theorem bool_compactness:
  assumes "\<And>\<Gamma>0. \<Gamma>0 \<subseteq> \<Gamma> \<Longrightarrow> finite \<Gamma>0 \<Longrightarrow> bool_sat \<Gamma>0"
  shows "bool_sat \<Gamma>"
proof -
  define w where "w i = bool_prefix \<Gamma> (Suc i) i" for i
  have "luk w \<gamma> = 1" if "\<gamma> \<in> \<Gamma>" for \<gamma>
  proof -
    have "{\<gamma>} \<subseteq> \<Gamma>" "finite {\<gamma>}"
      using that by auto
    then obtain u where "\<forall>i<var_bound \<gamma>. u i = bool_prefix \<Gamma> (var_bound \<gamma>) i" "luk u \<gamma> = 1"
      using fin_sat_ext_bool_prefix[OF assms, where n = "var_bound \<gamma>"]
      unfolding fin_sat_ext_def by blast
    then show ?thesis
      using luk_cong[of \<gamma> w u] bool_prefix_stable by (simp add: w_def)
  qed
  moreover have "luk_val 1 w"
    using bool_prefix_bool luk_val_bool_iff by (simp add: w_def)
  ultimately show ?thesis
    unfolding bool_sat_def by blast
qed

section \<open>Consequence relations generated by a rule\<close>

definition validates :: "(fm set \<Rightarrow> fm \<Rightarrow> bool) \<Rightarrow> fm list \<Rightarrow> fm \<Rightarrow> bool" where
  "validates C p c \<longleftrightarrow> (\<forall>\<sigma>. C (subst \<sigma> ` set p) (subst \<sigma> c))"

lemma least_ext_iff:
  "least_ext R p c \<Gamma> \<phi> \<longleftrightarrow> (\<forall>C. cons_rel C \<longrightarrow> R \<le> C \<longrightarrow> validates C p c \<longrightarrow> C \<Gamma> \<phi>)"
  by (simp add: least_ext_def validates_def le_fun_def)

lemma cons_rel_refl: "cons_rel C \<Longrightarrow> \<phi> \<in> \<Gamma> \<Longrightarrow> C \<Gamma> \<phi>"
  unfolding cons_rel_def by blast

lemma cons_rel_mono: "cons_rel C \<Longrightarrow> C \<Gamma> \<phi> \<Longrightarrow> \<Gamma> \<subseteq> \<Delta> \<Longrightarrow> C \<Delta> \<phi>"
  unfolding cons_rel_def by blast

lemma cons_rel_cut: "cons_rel C \<Longrightarrow> (\<And>\<delta>. \<delta> \<in> \<Delta> \<Longrightarrow> C \<Gamma> \<delta>) \<Longrightarrow> C (\<Gamma> \<union> \<Delta>) \<phi> \<Longrightarrow> C \<Gamma> \<phi>"
  unfolding cons_rel_def by (meson Ball_def)

lemma cons_rel_mcons: "cons_rel (mcons M)"
  unfolding cons_rel_def mcons_def by auto

lemma least_ext_refl: "\<phi> \<in> \<Gamma> \<Longrightarrow> least_ext R p c \<Gamma> \<phi>"
  by (simp add: least_ext_iff cons_rel_refl)

lemma least_ext_mono: "least_ext R p c \<Gamma> \<phi> \<Longrightarrow> \<Gamma> \<subseteq> \<Delta> \<Longrightarrow> least_ext R p c \<Delta> \<phi>"
  unfolding least_ext_iff by (meson cons_rel_mono)

lemma least_ext_cut:
  assumes "\<And>\<delta>. \<delta> \<in> \<Delta> \<Longrightarrow> least_ext R p c \<Gamma> \<delta>" "least_ext R p c (\<Gamma> \<union> \<Delta>) \<phi>"
  shows "least_ext R p c \<Gamma> \<phi>"
  unfolding least_ext_iff
proof (intro allI impI)
  fix C
  assume C: "cons_rel C" "R \<le> C" "validates C p c"
  have "C \<Gamma> \<delta>" if "\<delta> \<in> \<Delta>" for \<delta>
    using assms(1)[OF that, unfolded least_ext_iff, rule_format, OF C] .
  moreover have "C (\<Gamma> \<union> \<Delta>) \<phi>"
    using assms(2)[unfolded least_ext_iff, rule_format, OF C] .
  ultimately show "C \<Gamma> \<phi>"
    by (rule cons_rel_cut[OF C(1)])
qed

lemma le_least_ext: "R \<le> least_ext R p c"
  by (simp add: le_fun_def least_ext_def)

lemma validates_least_ext: "validates (least_ext R p c) p c"
  by (simp add: least_ext_def validates_def)

lemma least_ext_le: "cons_rel C \<Longrightarrow> R \<le> C \<Longrightarrow> validates C p c \<Longrightarrow> least_ext R p c \<le> C"
  unfolding least_ext_def validates_def le_fun_def by simp blast

lemma cons_rel_least_ext: "cons_rel (least_ext R p c)"
  unfolding cons_rel_def using least_ext_refl least_ext_mono least_ext_cut by (metis (no_types))

lemma least_ext_eqI:
  assumes "cons_rel S" "R \<le> S" "validates S p c"
    and "\<And>C. cons_rel C \<Longrightarrow> R \<le> C \<Longrightarrow> validates C p c \<Longrightarrow> S \<le> C"
  shows "least_ext R p c = S"
proof (rule antisym)
  show "least_ext R p c \<le> S"
    using assms(1-3) by (rule least_ext_le)
  show "S \<le> least_ext R p c"
    using assms(4) cons_rel_least_ext le_least_ext validates_least_ext .
qed

definition closed_matrix :: "'a matrix \<Rightarrow> bool" where
  "closed_matrix M \<longleftrightarrow>
     (\<forall>x\<in>car M. mneg M x \<in> car M) \<and> (\<forall>x\<in>car M. \<forall>y\<in>car M. mimp M x y \<in> car M)"

lemma eval_car: "closed_matrix M \<Longrightarrow> (\<And>n. v n \<in> car M) \<Longrightarrow> eval M v \<phi> \<in> car M"
  by (induction \<phi>) (auto simp: closed_matrix_def)

lemma eval_subst: "eval M v (subst \<sigma> \<phi>) = eval M (\<lambda>n. eval M v (\<sigma> n)) \<phi>"
  by (induction \<phi>) auto

lemma validates_mcons:
  assumes "closed_matrix M" "mcons M (set p) c"
  shows "validates (mcons M) p c"
  unfolding validates_def mcons_def
proof (intro allI impI)
  fix \<sigma> v
  assume "\<forall>n. v n \<in> car M" "\<forall>\<gamma>\<in>subst \<sigma> ` set p. eval M v \<gamma> \<in> des M"
  moreover from this have "\<forall>n. eval M v (\<sigma> n) \<in> car M"
    using assms(1) eval_car by blast
  ultimately show "eval M v (subst \<sigma> c) \<in> des M"
    using assms(2) by (simp add: mcons_def eval_subst)
qed

lemma strongly_maximal_mconsI:
  assumes "mcons M1 < mcons M2" "closed_matrix M2"
    and "\<And>p c C. mcons M2 (set p) c \<Longrightarrow> \<not> mcons M1 (set p) c \<Longrightarrow>
      cons_rel C \<Longrightarrow> mcons M1 \<le> C \<Longrightarrow> validates C p c \<Longrightarrow> mcons M2 \<le> C"
  shows "strongly_maximal (mcons M1) (mcons M2)"
  unfolding strongly_maximal_def
proof (intro conjI allI impI)
  fix p c
  assume "mcons M2 (set p) c" "\<not> mcons M1 (set p) c"
  then show "least_ext (mcons M1) p c = mcons M2"
    using assms less_imp_le[OF assms(1)]
    by (intro least_ext_eqI cons_rel_mcons validates_mcons) auto
qed (rule assms(1))

section \<open>The matrices L, Lbar and CPL\<close>

lemma mcons_CPL_iff:
  "mcons CPL \<Gamma> \<phi> \<longleftrightarrow> (\<forall>w. luk_val 1 w \<longrightarrow> (\<forall>\<gamma>\<in>\<Gamma>. luk w \<gamma> = 1) \<longrightarrow> luk w \<phi> = 1)"
  unfolding mcons_def eval_CPL luk_val_bool_iff by (simp add: CPL_def LV_1 del: One_nat_def)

------------------------------------------------

Exercise brief
All of the entries above should be output exactly as they are.

Answer box
theorem bool_compactness:
  assumes "\<And>\<Gamma>0. \<Gamma>0 \<subseteq> \<Gamma> \<Longrightarrow> finite \<Gamma>0 \<Longrightarrow> bool_sat \<Gamma>0"
  shows "bool_sat \<Gamma>"
proof -
  define w where "w i = bool_prefix \<Gamma> (Suc i) i" for i
  have "luk w \<gamma> = 1" if "\<gamma> \<in> \<Gamma>" for \<gamma>
  proof -
    have "{\<gamma>} \<subseteq> \<Gamma>" "finite {\<gamma>}"
      using that by auto
    then obtain u where "\<forall>i<var_bound \<gamma>. u i = bool_prefix \<Gamma> (var_bound \<gamma>) i" "luk u \<gamma> = 1"
      using fin_sat_ext_bool_prefix[OF assms, where n = "var_bound \<gamma>"]
      unfolding fin_sat_ext_def by blast
    then show ?thesis
      using luk_cong[of \<gamma> w u] bool_prefix_stable by (simp add: w_def)
  qed
  moreover have "luk_val 1 w"
    using bool_prefix_bool luk_val_bool_iff by (simp add: w_def)
  ultimately show ?thesis
    unfolding bool_sat_def by blast
qed

section \<open>Consequence relations generated by a rule\<close>

definition validates :: "(fm set \<Rightarrow> fm \<Rightarrow> bool) \<Rightarrow> fm list \<Rightarrow> fm \<Rightarrow> bool" where
  "validates C p c \<longleftrightarrow> (\<forall>\<sigma>. C (subst \<sigma> ` set p) (subst \<sigma> c))"

lemma least_ext_iff:
  "least_ext R p c \<Gamma> \<phi> \<longleftrightarrow> (\<forall>C. cons_rel C \<longrightarrow> R \<le> C \<longrightarrow> validates C p c \<longrightarrow> C \<Gamma> \<phi>)"
  by (simp add: least_ext_def validates_def le_fun_def)

lemma cons_rel_refl: "cons_rel C \<Longrightarrow> \<phi> \<in> \<Gamma> \<Longrightarrow> C \<Gamma> \<phi>"
  unfolding cons_rel_def by blast

lemma cons_rel_mono: "cons_rel C \<Longrightarrow> C \<Gamma> \<phi> \<Longrightarrow> \<Gamma> \<subseteq> \<Delta> \<Longrightarrow> C \<Delta> \<phi>"
  unfolding cons_rel_def by blast

lemma cons_rel_cut: "cons_rel C \<Longrightarrow> (\<And>\<delta>. \<delta> \<in> \<Delta> \<Longrightarrow> C \<Gamma> \<delta>) \<Longrightarrow> C (\<Gamma> \<union> \<Delta>) \<phi> \<Longrightarrow> C \<Gamma> \<phi>"
  unfolding cons_rel_def by (meson Ball_def)

lemma cons_rel_mcons: "cons_rel (mcons M)"
  unfolding cons_rel_def mcons_def by auto

lemma least_ext_refl: "\<phi> \<in> \<Gamma> \<Longrightarrow> least_ext R p c \<Gamma> \<phi>"
  by (simp add: least_ext_iff cons_rel_refl)

lemma least_ext_mono: "least_ext R p c \<Gamma> \<phi> \<Longrightarrow> \<Gamma> \<subseteq> \<Delta> \<Longrightarrow> least_ext R p c \<Delta> \<phi>"
  unfolding least_ext_iff by (meson cons_rel_mono)

lemma least_ext_cut:
  assumes "\<And>\<delta>. \<delta> \<in> \<Delta> \<Longrightarrow> least_ext R p c \<Gamma> \<delta>" "least_ext R p c (\<Gamma> \<union> \<Delta>) \<phi>"
  shows "least_ext R p c \<Gamma> \<phi>"
  unfolding least_ext_iff
proof (intro allI impI)
  fix C
  assume C: "cons_rel C" "R \<le> C" "validates C p c"
  have "C \<Gamma> \<delta>" if "\<delta> \<in> \<Delta>" for \<delta>
    using assms(1)[OF that, unfolded least_ext_iff, rule_format, OF C] .
  moreover have "C (\<Gamma> \<union> \<Delta>) \<phi>"
    using assms(2)[unfolded least_ext_iff, rule_format, OF C] .
  ultimately show "C \<Gamma> \<phi>"
    by (rule cons_rel_cut[OF C(1)])
qed

lemma le_least_ext: "R \<le> least_ext R p c"
  by (simp add: le_fun_def least_ext_def)

lemma validates_least_ext: "validates (least_ext R p c) p c"
  by (simp add: least_ext_def validates_def)

lemma least_ext_le: "cons_rel C \<Longrightarrow> R \<le> C \<Longrightarrow> validates C p c \<Longrightarrow> least_ext R p c \<le> C"
  unfolding least_ext_def validates_def le_fun_def by simp blast

lemma cons_rel_least_ext: "cons_rel (least_ext R p c)"
  unfolding cons_rel_def using least_ext_refl least_ext_mono least_ext_cut by (metis (no_types))

lemma least_ext_eqI:
  assumes "cons_rel S" "R \<le> S" "validates S p c"
    and "\<And>C. cons_rel C \<Longrightarrow> R \<le> C \<Longrightarrow> validates C p c \<Longrightarrow> S \<le> C"
  shows "least_ext R p c = S"
proof (rule antisym)
  show "least_ext R p c \<le> S"
    using assms(1-3) by (rule least_ext_le)
  show "S \<le> least_ext R p c"
    using assms(4) cons_rel_least_ext le_least_ext validates_least_ext .
qed

definition closed_matrix :: "'a matrix \<Rightarrow> bool" where
  "closed_matrix M \<longleftrightarrow>
     (\<forall>x\<in>car M. mneg M x \<in> car M) \<and> (\<forall>x\<in>car M. \<forall>y\<in>car M. mimp M x y \<in> car M)"

lemma eval_car: "closed_matrix M \<Longrightarrow> (\<And>n. v n \<in> car M) \<Longrightarrow> eval M v \<phi> \<in> car M"
  by (induction \<phi>) (auto simp: closed_matrix_def)

lemma eval_subst: "eval M v (subst \<sigma> \<phi>) = eval M (\<lambda>n. eval M v (\<sigma> n)) \<phi>"
  by (induction \<phi>) auto

lemma validates_mcons:
  assumes "closed_matrix M" "mcons M (set p) c"
  shows "validates (mcons M) p c"
  unfolding validates_def mcons_def
proof (intro allI impI)
  fix \<sigma> v
  assume "\<forall>n. v n \<in> car M" "\<forall>\<gamma>\<in>subst \<sigma> ` set p. eval M v \<gamma> \<in> des M"
  moreover from this have "\<forall>n. eval M v (\<sigma> n) \<in> car M"
    using assms(1) eval_car by blast
  ultimately show "eval M v (subst \<sigma> c) \<in> des M"
    using assms(2) by (simp add: mcons_def eval_subst)
qed

lemma strongly_maximal_mconsI:
  assumes "mcons M1 < mcons M2" "closed_matrix M2"
    and "\<And>p c C. mcons M2 (set p) c \<Longrightarrow> \<not> mcons M1 (set p) c \<Longrightarrow>
      cons_rel C \<Longrightarrow> mcons M1 \<le> C \<Longrightarrow> validates C p c \<Longrightarrow> mcons M2 \<le> C"
  shows "strongly_maximal (mcons M1) (mcons M2)"
  unfolding strongly_maximal_def
proof (intro conjI allI impI)
  fix p c
  assume "mcons M2 (set p) c" "\<not> mcons M1 (set p) c"
  then show "least_ext (mcons M1) p c = mcons M2"
    using assms less_imp_le[OF assms(1)]
    by (intro least_ext_eqI cons_rel_mcons validates_mcons) auto
qed (rule assms(1))

section \<open>The matrices L, Lbar and CPL\<close>

lemma mcons_CPL_iff:
  "mcons CPL \<Gamma> \<phi> \<longleftrightarrow> (\<forall>w. luk_val 1 w \<longrightarrow> (\<forall>\<gamma>\<in>\<Gamma>. luk w \<gamma> = 1) \<longrightarrow> luk w \<phi> = 1)"
  unfolding mcons_def eval_CPL luk_val_bool_iff by (simp add: CPL_def LV_1 del: One_nat_def)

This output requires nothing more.